YOUR ASSIGNMENT: The listing below contains a span that opens with the line containing "proof (rule ext)" and closes with the line containing "unfolding cylinder_def by auto". Return that span exactly.

*** RECORDS SHOWN ***

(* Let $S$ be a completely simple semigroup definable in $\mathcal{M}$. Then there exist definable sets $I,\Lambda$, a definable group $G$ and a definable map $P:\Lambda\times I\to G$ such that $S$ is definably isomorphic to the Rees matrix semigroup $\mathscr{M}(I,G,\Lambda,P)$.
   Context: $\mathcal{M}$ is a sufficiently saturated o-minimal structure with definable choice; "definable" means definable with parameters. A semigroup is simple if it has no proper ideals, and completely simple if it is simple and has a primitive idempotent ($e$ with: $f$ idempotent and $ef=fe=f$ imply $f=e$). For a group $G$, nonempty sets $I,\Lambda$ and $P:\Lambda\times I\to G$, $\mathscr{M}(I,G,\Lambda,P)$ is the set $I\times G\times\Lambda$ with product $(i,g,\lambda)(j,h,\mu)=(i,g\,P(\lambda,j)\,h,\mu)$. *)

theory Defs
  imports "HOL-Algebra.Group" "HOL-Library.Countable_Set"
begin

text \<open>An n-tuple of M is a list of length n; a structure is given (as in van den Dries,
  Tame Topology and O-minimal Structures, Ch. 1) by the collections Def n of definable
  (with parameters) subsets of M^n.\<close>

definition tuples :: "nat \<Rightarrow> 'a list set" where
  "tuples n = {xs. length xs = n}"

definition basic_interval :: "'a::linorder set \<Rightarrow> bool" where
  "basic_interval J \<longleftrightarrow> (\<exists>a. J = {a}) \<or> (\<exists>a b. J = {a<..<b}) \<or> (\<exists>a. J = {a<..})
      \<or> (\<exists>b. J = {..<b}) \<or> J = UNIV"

*** End of RECORDS SHOWN ***
*** RECORDS SHOWN ***

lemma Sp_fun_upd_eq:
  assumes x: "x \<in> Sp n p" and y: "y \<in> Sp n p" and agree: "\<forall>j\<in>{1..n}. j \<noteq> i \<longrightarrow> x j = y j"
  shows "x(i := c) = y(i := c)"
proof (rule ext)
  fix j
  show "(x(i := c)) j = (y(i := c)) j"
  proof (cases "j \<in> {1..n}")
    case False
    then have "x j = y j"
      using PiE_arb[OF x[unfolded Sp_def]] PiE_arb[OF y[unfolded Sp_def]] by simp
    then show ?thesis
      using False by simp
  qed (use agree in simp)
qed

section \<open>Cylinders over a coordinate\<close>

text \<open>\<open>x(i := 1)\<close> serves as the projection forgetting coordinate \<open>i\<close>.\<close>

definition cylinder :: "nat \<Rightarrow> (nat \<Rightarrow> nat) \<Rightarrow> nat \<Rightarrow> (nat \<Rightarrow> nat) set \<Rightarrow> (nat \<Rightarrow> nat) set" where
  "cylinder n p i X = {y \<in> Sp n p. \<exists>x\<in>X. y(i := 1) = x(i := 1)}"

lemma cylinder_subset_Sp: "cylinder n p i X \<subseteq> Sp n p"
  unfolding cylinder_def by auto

*** End of RECORDS SHOWN ***

SOLUTION:
proof (rule ext)
  fix j
  show "(x(i := c)) j = (y(i := c)) j"
  proof (cases "j \<in> {1..n}")
    case False
    then have "x j = y j"
      using PiE_arb[OF x[unfolded Sp_def]] PiE_arb[OF y[unfolded Sp_def]] by simp
    then show ?thesis
      using False by simp
  qed (use agree in simp)
qed

section \<open>Cylinders over a coordinate\<close>

text \<open>\<open>x(i := 1)\<close> serves as the projection forgetting coordinate \<open>i\<close>.\<close>

definition cylinder :: "nat \<Rightarrow> (nat \<Rightarrow> nat) \<Rightarrow> nat \<Rightarrow> (nat \<Rightarrow> nat) set \<Rightarrow> (nat \<Rightarrow> nat) set" where
  "cylinder n p i X = {y \<in> Sp n p. \<exists>x\<in>X. y(i := 1) = x(i := 1)}"

lemma cylinder_subset_Sp: "cylinder n p i X \<subseteq> Sp n p"
  unfolding cylinder_def by auto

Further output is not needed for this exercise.